— Ешьте, пока горячее, — сказала Берта. — Правду сказать, вы не очень-то упитанная. Зато миленькая!
— Спасибо за комплимент, — ответила молодая женщина.
Анжелине хотелось прогнать жуткую сцену, вновь возникшую у нее перед глазами. Она опять увидела свою любимую мать, неутомимую Адриену Лубе, распростертой на белой скале посреди Сала. Вокруг бурлила река, неся свои прозрачные ледяные воды. «Да, это был ужасный несчастный случай! Мама провела два дня у постели пациентки, жены нотариуса из Сен-Жирона.

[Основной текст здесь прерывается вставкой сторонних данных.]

lemma ucount_Suc:
  fixes f :: "('a::{finite,field}) poly"
  assumes "s \<ge> 1"
  shows "ucount f b (Suc s) = (\<Sum>x\<in>UNIV. ucount f (b - poly f x) s)"
proof -
  have "int CARD('a) ^ (Suc s - 1) = (\<Sum>x\<in>(UNIV::'a set). int CARD('a) ^ (s - 1))"
    using assms by (cases s) auto
  then show ?thesis
    by (simp add: ucount_def Ncount_Suc sum_subtractf)
qed

lemma ucount_recurrence:
  fixes f :: "('a::{finite,field}) poly"
  obtains h :: "nat \<Rightarrow> int" where "\<exists>m\<le>CARD('a). h m \<noteq> 0"
    and "\<And>t b. (\<Sum>m\<le>CARD('a). h m * ucount f b (m + 1 + t)) = 0"
proof -
  obtain h :: "nat \<Rightarrow> int" where h: "\<exists>m\<in>{..CARD('a)}. h m \<noteq> 0"
    "\<forall>b\<in>UNIV. (\<Sum>m\<le>CARD('a). h m * ucount f b (m + 1)) = 0"
    using int_vectors_linearly_dependent[of "UNIV::'a set" "{..CARD('a)}" "\<lambda>m b. ucount f b (m + 1)"]
    by auto
  have "(\<Sum>m\<le>CARD('a). h m * ucount f b (m + 1 + t)) = 0" for t b
  proof (induction t arbitrary: b)
    case 0
    then show ?case using h by simp
  next
    case (Suc t)
    have "(\<Sum>m\<le>CARD('a). h m * ucount f b (m + 1 + Suc t))
        = (\<Sum>m\<le>CARD('a). \<Sum>x\<in>UNIV. h m * ucount f (b - poly f x) (m + 1 + t))"
      by (rule sum.cong) (auto simp: ucount_Suc sum_distrib_left)
    also have "\<dots> = (\<Sum>x\<in>UNIV. \<Sum>m\<le>CARD('a). h m * ucount f (b - poly f x) (m + 1 + t))"
      by (rule sum.swap)
    also have "\<dots> = 0" using Suc by simp
    finally show ?case .
  qed
  with h that show ?thesis by blast
qed

lemma lin_rec_seq_ucount:
  fixes f :: "('a::{finite,field}) poly"
  shows "lin_rec_seq (ucount f a)"
proof -
  obtain h :: "nat \<Rightarrow> int" where h: "\<exists>m\<le>CARD('a). h m \<noteq> 0"
     "\<And>t b. (\<Sum>m\<le>CARD('a). h m * ucount f b (m + 1 + t)) = 0"
    using ucount_recurrence by blast
  define g where "g = (\<Sum>m\<le>CARD('a). monom (h m) m)"
  have coeff_g: "coeff g i = (if i \<le> CARD('a) then h i else 0)" for i
    by (simp add: g_def coeff_sum coeff_monom)
  have "g \<noteq> 0" using h(1) coeff_g by (metis coeff_0)
  have "degree g \<le> CARD('a)" by (rule degree_le) (auto simp: coeff_g)
  have "(\<Sum>i\<le>degree g. coeff g i * ucount f a (j + i + 1)) = 0" for j
  proof -
    have "(\<Sum>i\<le>degree g. coeff g i * ucount f a (j + i + 1))
        = (\<Sum>i\<le>CARD('a). coeff g i * ucount f a (j + i + 1))"
      by (rule sum.mono_neutral_left) (use \<open>degree g \<le> CARD('a)\<close> in \<open>auto simp: coeff_eq_0\<close>)
    also have "\<dots> = (\<Sum>m\<le>CARD('a). h m * ucount f a (m + 1 + j))"
      by (rule sum.cong) (auto simp: coeff_g add.commute add.left_commute)
    finally show ?thesis using h(2) by simp
  qed
  with \<open>g \<noteq> 0\<close> show ?thesis by (auto simp: lin_rec_seq_def gen_poly_def)
qed

lemma gen_poly_of_seq_degree:
  assumes "lin_rec_seq u"
  obtains g where "gen_poly u g" "degree g = seq_degree u"
  using assms LeastI_ex[of "\<lambda>n. \<exists>g. gen_poly u g \<and> degree g = n"]
  unfolding lin_rec_seq_def seq_degree_def by blast

lemma hankel_kernel_reversed_gen_poly:
  assumes "gen_poly u g" "degree g = d"
  shows "hankel_kernel u d (\<lambda>m. coeff g (d - m))"
  unfolding hankel_kernel_def
proof
  fix i assume i: "i \<in> {1..d+1}"
  have "(\<Sum>j=1..d+1. u (i + j - 1) * coeff g (d - (d + 1 - j)))
      = (\<Sum>l\<le>degree g. coeff g l * u ((i - 1) + l + 1))"
    by (rule sum.reindex_bij_witness[of _ "\<lambda>l. l + 1" "\<lambda>j. j - 1"])
       (use i assms(2) in \<open>auto intro!: arg_cong[where f=u]\<close>)
  also have "\<dots> = 0"
    using assms(1) unfolding gen_poly_def by blast
  finally show "(\<Sum>j=1..d+1. u (i + j - 1) * coeff g (d - (d + 1 - j))) = 0" .
qed

lemma hankel_kernel_convolution_eq_0:
  fixes u :: "nat \<Rightarrow> int"
  assumes g: "gen_poly u g" "degree g = d" and hk: "hankel_kernel u d c"
  shows "n > d \<Longrightarrow> (\<Sum>m\<le>d. c m * u (n - m)) = 0"
proof (induction n rule: less_induct)
  case (less n)
  show ?case
  proof (cases "n \<le> 2 * d + 1")
    case True
    have "(\<Sum>m\<le>d. c m * u (n - m)) = (\<Sum>j=1..d+1. u ((n - d) + j - 1) * c (d + 1 - j))"
      by (rule sum.reindex_bij_witness[of _ "\<lambda>j. d + 1 - j" "\<lambda>m. d + 1 - m"])
         (use less.prems in auto)
    also have "\<dots> = 0"
      by (rule hk[unfolded hankel_kernel_def, rule_format]) (use True less.prems in auto)
    finally show ?thesis .
  next
    case False
    let ?k = "coeff g"
    have lead: "?k d \<noteq> 0" using g by (auto simp: gen_poly_def)
    have recursion: "?k d * u N = - (\<Sum>i<d. ?k i * u (N - d + i))" if "N > d" for N
    proof -
      have "(\<Sum>i\<le>d. ?k i * u (N - d + i)) = (\<Sum>i\<le>degree g. ?k i * u ((N - d - 1) + i + 1))"
        using g(2) that by (intro sum.cong refl) (auto intro!: arg_cong[where f=u])
      also have "\<dots> = 0"
        using g(1) unfolding gen_poly_def by blast
      finally show ?thesis using that by (simp add: lessThan_Suc_atMost[symmetric] algebra_simps)
    qed
    have "?k d * (\<Sum>m\<le>d. c m * u (n - m)) = (\<Sum>m\<le>d. c m * (?k d * u (n - m)))"
      by (simp add: sum_distrib_left algebra_simps)
    also have "\<dots> = (\<Sum>m\<le>d. c m * - (\<Sum>i<d. ?k i * u (n - d + i - m)))"
      using False by (intro sum.cong refl) (auto simp: recursion intro!: sum.cong arg_cong[where f=u])
    also have "\<dots> = - (\<Sum>i<d. ?k i * (\<Sum>m\<le>d. c m * u (n - d + i - m)))"
      by (simp add: sum_distrib_left sum_negf algebra_simps sum.swap[of _ "{..<d}"])
    also have "\<dots> = 0"
      using less.IH[of "n - d + _"] False by simp
    finally show ?thesis using lead by simp
  qed
qed
theorem lemma4p7:
  fixes q m k n :: nat
  assumes "\<exists>p e. prime p \<and> 0 < e \<and> q = p ^ e"
    and "CARD('a::{field,finite}) = q ^ m"
    and "2 \<le> m" and "1 \<le> k" and "k < n"
  shows "measure_pmf.prob (pmf_of_set (mats k (n - k) :: (nat \<Rightarrow> nat \<Rightarrow> 'a) set))
            {X. is_gen_gabidulin q m k n (row_space (sys_mat k n X) k n)}
         \<le> (\<Sum>s | 0 < s \<and> s < m \<and> coprime s m.
              measure_pmf.prob (pmf_of_set (mats k (n - k) :: (nat \<Rightarrow> nat \<Rightarrow> 'a) set))
                (G_set q k (n - k) s))
       \<and> (\<Sum>s | 0 < s \<and> s < m \<and> coprime s m.
              measure_pmf.prob (pmf_of_set (mats k (n - k) :: (nat \<Rightarrow> nat \<Rightarrow> 'a) set))
                (G_set q k (n - k) s))
         = (\<Sum>s | 0 < s \<and> s < m \<and> coprime s m.
              real (card (G_set q k (n - k) s :: (nat \<Rightarrow> nat \<Rightarrow> 'a) set)) / real q ^ (m * k * (n - k)))"
proof -
  obtain p e where pe: "prime p" "q = p ^ e" using assms(1) by blast
  define M where "M = (mats k (n - k) :: (nat \<Rightarrow> nat \<Rightarrow> 'a) set)"
  define S where "S = {s. 0 < s \<and> s < m \<and> coprime s m}"
  let ?G = "\<lambda>s. G_set q k (n - k) s :: (nat \<Rightarrow> nat \<Rightarrow> 'a) set"
  let ?Gab = "{X. is_gen_gabidulin q m k n (row_space (sys_mat k n X) k n)}"
  have "(\<lambda>i j. 0) \<in> M" by (simp add: M_def mats_def)
  then have M: "finite M" "M \<noteq> {}" by (auto simp: M_def finite_mats)
  have "M \<inter> ?Gab \<subseteq> (\<Union>s\<in>S. ?G s)"
  proof clarify
    fix X assume "X \<in> M" "is_gen_gabidulin q m k n (row_space (sys_mat k n X) k n)"
    then obtain s g where "0 < s" "s < m" "coprime s m" "lin_indep_Fq q n g"
      "row_space (sys_mat k n X) k n = row_space (gab_mat q s k n g) k n"
      unfolding is_gen_gabidulin_def by blast
    then have "X \<in> ?G s"
      using gabidulin_systematic_in_G_set[OF pe assms(2) _ assms(5)] assms(4) \<open>X \<in> M\<close>
      by (simp add: M_def)
    then show "X \<in> (\<Union>s\<in>S. ?G s)" using \<open>0 < s\<close> \<open>s < m\<close> \<open>coprime s m\<close> by (auto simp: S_def)
  qed
  then have bound: "measure_pmf.prob (pmf_of_set M) ?Gab \<le> (\<Sum>s\<in>S. measure_pmf.prob (pmf_of_set M) (?G s))"
    by (intro measure_pmf_of_set_le_sum_cover M) (auto simp: S_def)
  have "measure_pmf.prob (pmf_of_set M) (?G s) = real (card (?G s)) / real q ^ (m * k * (n - k))" for s
  proof -
    have "?G s \<subseteq> M" by (auto simp: G_set_def M_def)
    then show ?thesis
      using measure_pmf_of_set[OF M(2,1)] card_mats[where 'a = 'a] assms(2)
      by (simp add: M_def Int_absorb1 power_mult mult.assoc)
  qed
  with bound show ?thesis unfolding M_def S_def by simp
qed
lemma CH_imp_ex_sierpinski_set:
  assumes CH
  shows "\<exists>S. sierpinski_set S"
proof -
  obtain W :: "real set" and lt where W: "uncountable W" "\<And>w. w \<in> W \<Longrightarrow> countable {v\<in>W. lt v w}"
    "\<And>v w. v \<in> W \<Longrightarrow> w \<in> W \<Longrightarrow> v \<noteq> w \<Longrightarrow> lt v w \<or> lt w v"
    using ex_uncountable_with_countable_initial_segments uncountable_UNIV_real by blast
  have "W \<approx> (UNIV :: nat set set)"
    using \<open>CH\<close> W(1) nat_sets_eqpoll_reals unfolding CH_def by (meson eqpoll_sym eqpoll_trans)
  then obtain h where h: "bij_betw h W (UNIV :: nat set set)"
    unfolding eqpoll_def by blast
  obtain C :: "nat set \<Rightarrow> real set" where C: "\<And>A. C A \<in> null_sets lebesgue"
    "\<And>Z. Z \<in> null_sets lebesgue \<Longrightarrow> \<exists>A. Z \<subseteq> C A"
    using ex_cofinal_null_sets_family by blast
  have "\<exists>w\<in>W. Z \<subseteq> C (h w)" if Z: "Z \<in> null_sets lebesgue" for Z
  proof -
    obtain A where "Z \<subseteq> C A"
      using C(2)[OF Z] by blast
    moreover have "A \<in> h ` W"
      using h by (simp add: bij_betw_def)
    ultimately show ?thesis
      by blast
  qed
  with W C(1) show ?thesis
    by (intro sierpinski_set_from_enumeration[of W lt "\<lambda>w. C (h w)"]) auto
qed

Я не поехала с ней, поскольку меня мучил сильный кашель. Молодые родители были так счастливы, что у них родилась здоровая дочка! Хотя ее шейку обвивала пуповина, мама спасла девочку. В знак благодарности родители преподнесли ей роскошную серебряную чайницу. Нотариус настоял отвезти маму домой в коляске. Он сам запряг четверку лошадей, очень резвых, но пугливых животных».
Анжелина чуть не выплюнула кусочек зайчатины, который тщетно пыталась прожевать. Нашлось несколько свидетелей несчастного случая. Лошади понесли, испугавшись стада коров, которые паслись на берегу Сала. В один миг они перепрыгнули через парапет моста, ведущий в город Сен-Лизье, и свалились в пропасть.
«Мне рассказали, что кони дико ржали, а коляска разбилась с ужасным треском. Моя милая мама тоже разбилась. Кто-то прибежал к нам и рассказал о случившемся. Мы с отцом помчались к месту трагедии, как безумные. Нотариуса так и не нашли. Вероятно, его унесло течением. А мама лежала на этой скале, кровь текла из ее рта. В руках она сжимала красивую чайницу. Слава богу, я успела попрощаться с ней. Она умерла на руках у папы, положив голову мне на колени. Лошади тоже погибли».
Слезы потекли по бледному лицу Анжелины. Взволнованная Берта похлопала ее по руке.
— Что с вами, детка?
— Я подумала о моей матери, — призналась молодая женщина, сдерживая рыдания. — Это случилось год назад, в это же время, перед Рождеством.
— А-а… — только и сказала Берта.
— Простите, я не смогла по достоинству оценить ваше рагу.
Анжелина взяла вилкой несколько кусочков картошки. Картошка была такой вкусной, что девушка улыбнулась.
— В долине Масса растет лучшая картошка! — воскликнула Берта. — Послушайте, я сейчас расскажу вам историю, которую любил повторять мой дед, когда я была маленькой. Так вот, император, возвращаясь из Египта, проезжал через нашу долину. Разумеется, весь народ собрался на обочине, чтобы поприветствовать его. Наполеон внимательно смотрел на девушек, женщин, мужчин, юношей. И знаете, что он сказал?
— Нет. — Анжелина была заинтригована.
— Сидя верхом на лошади, он заявил, что ему редко доводилось встречать столь здоровых людей, хорошо сложенных, с прекрасным цветом лица. Он захотел узнать тайну жителей долины Масса и поинтересовался, что они едят. «Картошку, — ответил кюре. — Мы едим, в основном, картошку». Император был ошеломлен[18].
— Вы говорите о Наполеоне I? — поинтересовалась Анжелина.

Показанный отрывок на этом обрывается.